Os principais personagens – todos com nomes iniciados em “r” – são contidos e introvertidos, cheios de problemas, e presos em seus próprios mundos. O elo entre todos é a garotinha Amy, que fez parte da vida de cada um, de alguma forma, até pela lembrança que inspira. O elenco é multinacional: Mary Louise-Parker é americana, Gabrielle Rose, Nadia Litz, Molly Parker e Daniel MacIvor são canadenses, Philippe Volter é francês e Marco Leonardi é australiano. Todos são atores experientes e conseguem dar aos seus personagens a carga emocional necessária.

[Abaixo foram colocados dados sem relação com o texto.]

lemma angular_form_le_graph_norm:
  fixes T11 :: "'a::real_inner \<Rightarrow> 'a" and T22 :: "'b::{real_inner,complete_space} \<Rightarrow> 'b"
  assumes F: "upper_semibounded_op D2 T22 \<tau>"
    and cross: "\<And>d1 d2. d1 \<in> D1 \<Longrightarrow> d2 \<in> D2 \<Longrightarrow> inner (T12 d2) d1 = inner (T21 d1) d2"
    and kappa: "\<And>y. y \<in> D1 \<Longrightarrow> 0 \<le> inner (T11 y) y - \<kappa> * inner y y"
    and off_diagonal: "\<exists>c\<ge>0. \<forall>d1\<in>D1. \<forall>d2\<in>D2. (norm (T21 d1))\<^sup>2 \<le> c * ((inner (T11 d1) d1 - \<kappa> * inner d1 d1)
           + ((norm (d1, d2))\<^sup>2 + (norm (block_op T11 T12 T21 T22 (d1, d2)))\<^sup>2))"
  shows "\<exists>K. \<forall>d\<in>D1 \<times> D2.
    angular_form T11 T21 D2 T22 \<kappa> \<tau> d \<le> K * ((norm d)\<^sup>2 + (norm (block_op T11 T12 T21 T22 d))\<^sup>2)"
proof -
  obtain c where c: "c \<ge> 0" and c_bound: "\<forall>d1\<in>D1. \<forall>d2\<in>D2. (norm (T21 d1))\<^sup>2 \<le> c * ((inner (T11 d1) d1 - \<kappa> * inner d1 d1)
           + ((norm (d1, d2))\<^sup>2 + (norm (block_op T11 T12 T21 T22 (d1, d2)))\<^sup>2))"
    using off_diagonal by blast
  define c0 where "c0 = 1 + \<bar>\<kappa>\<bar> + \<bar>\<tau>\<bar>"
  have "angular_form T11 T21 D2 T22 \<kappa> \<tau> (d1, d2)
          \<le> (c0 + 2 * c * (c0 + 1)) * ((norm (d1, d2))\<^sup>2 + (norm (block_op T11 T12 T21 T22 (d1, d2)))\<^sup>2)"
    if d1: "d1 \<in> D1" and d2: "d2 \<in> D2" for d1 d2
  proof -
    define A where "A = inner (T11 d1) d1 - \<kappa> * inner d1 d1"
    define B where "B = ang_form2 T22 \<tau> d2"
    define R where "R = inner (friedrichs_resolvent D2 T22 \<tau> (T21 d1)) (T21 d1)"
    define S where "S = (norm (d1, d2))\<^sup>2 + (norm (block_op T11 T12 T21 T22 (d1, d2)))\<^sup>2"
    have A: "0 \<le> A" using kappa[OF d1] by (simp add: A_def)
    have B: "0 \<le> B" using upper_semibounded_op.form_nonneg[OF F d2] by (simp add: B_def)
    have AB: "A + B \<le> c0 * S"
      using cross[OF d1 d2] unfolding A_def B_def S_def c0_def by (rule block_diagonal_forms_le_graph_norm)
    have "R \<le> 2 * (norm (T21 d1))\<^sup>2"
      unfolding R_def by (rule upper_semibounded_op.friedrichs_resolvent_inner_le[OF F])
    also have "\<dots> \<le> 2 * (c * (A + S))" using c_bound d1 d2 by (simp add: A_def S_def)
    also have "\<dots> \<le> 2 * (c * ((c0 + 1) * S))"
      using AB A B c by (intro mult_left_mono) (auto simp: algebra_simps)
    finally have "R \<le> 2 * c * (c0 + 1) * S" by simp
    moreover have "angular_form T11 T21 D2 T22 \<kappa> \<tau> (d1, d2) = A + R + B"
      by (simp add: angular_form_def ang_form1_def A_def B_def R_def)
    ultimately show ?thesis using AB unfolding S_def[symmetric] by (simp add: algebra_simps)
  qed
  then show ?thesis by blast
qed
lemma tilted_tangent_orthogonal:
  assumes \<epsilon>: "\<epsilon> \<in> {-e0<..<e0}"
    and dG: "((\<lambda>x. \<Gamma> (fst x) (snd x)) has_derivative L) (at (\<theta>e \<epsilon> t, \<zeta> \<epsilon> (\<theta>e \<epsilon> t)))"
  shows "(L (1, 0) + Dz (\<epsilon>, \<theta>e \<epsilon> t) (0, 1) *\<^sub>R L (0, 1)) \<bullet> cis t = 0"
proof -
  define \<zeta>s where "\<zeta>s = Dz (\<epsilon>, \<theta>e \<epsilon> t) (0, 1)"
  obtain \<theta>' where \<theta>': "\<theta>' > 0" "(\<theta>e \<epsilon> has_real_derivative \<theta>') (at t)" using th_diffeo[OF \<epsilon>] by blast
  have "((\<lambda>s. \<zeta> \<epsilon> (\<theta>e \<epsilon> s)) has_real_derivative \<zeta>s * \<theta>') (at t)"
    unfolding \<zeta>s_def by (rule DERIV_chain2[OF zeta_has_real_derivative[OF \<epsilon>] \<theta>'(2)])
  from has_derivative_along_curve[where f = "\<lambda>x. \<Gamma> (fst x) (snd x)", OF _ \<theta>'(2) this] dG
  have tilted: "((\<lambda>s. \<Gamma> (\<theta>e \<epsilon> s) (\<zeta> \<epsilon> (\<theta>e \<epsilon> s))) has_vector_derivative
      \<theta>' *\<^sub>R (L (1, 0) + \<zeta>s *\<^sub>R L (0, 1))) (at t)"
    by (simp add: scaleR_add_right mult.commute)
  obtain d where dd: "((\<lambda>s. \<Gamma> (\<theta>e \<epsilon> s) (\<zeta> \<epsilon> (\<theta>e \<epsilon> s))) has_vector_derivative d) (at t)"
      and d: "d = complex_of_real (cmod d) * \<i> * exp (\<i> * complex_of_real t)"
    using th_support[OF \<epsilon>] unfolding support_param_def by blast
  have "d = \<theta>' *\<^sub>R (L (1, 0) + \<zeta>s *\<^sub>R L (0, 1))" using vector_derivative_unique_at[OF dd tilted] .
  moreover have "d \<bullet> cis t = 0" by (subst d) (simp add: inner_tangent_cis)
  ultimately have "(\<theta>' *\<^sub>R (L (1, 0) + \<zeta>s *\<^sub>R L (0, 1))) \<bullet> cis t = 0" by simp
  then show ?thesis using \<theta>'(1) unfolding \<zeta>s_def by simp
qed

Este filme, infelizmente, nunca foi lançado em BluRay. No início dos anos 2000, foi lançada uma edição em DVD com formato de tela Full Screen, áudio em inglês e português 2.0, e legendas em português e inglês. Como Extras, umas poucas notas sobre elenco, sinopse, e diretor, além do trailer de cinema, e nove minutos de entrevistas com o elenco, com legendas em português.

“Os Cinco Sentidos” não é um filme de fácil assimilação. É uma visão do mundo “normal” através de uma ótica “anormal”, mostrando situações comuns de uma maneira exacerbada. É como uma colcha de retalhos, aparentemente desconexos, mas que levam à reflexão. Vale à pena assistir, nem que seja para fugir do cotidiano de Hollywood, pelo menos de vez em quando. Experimentem.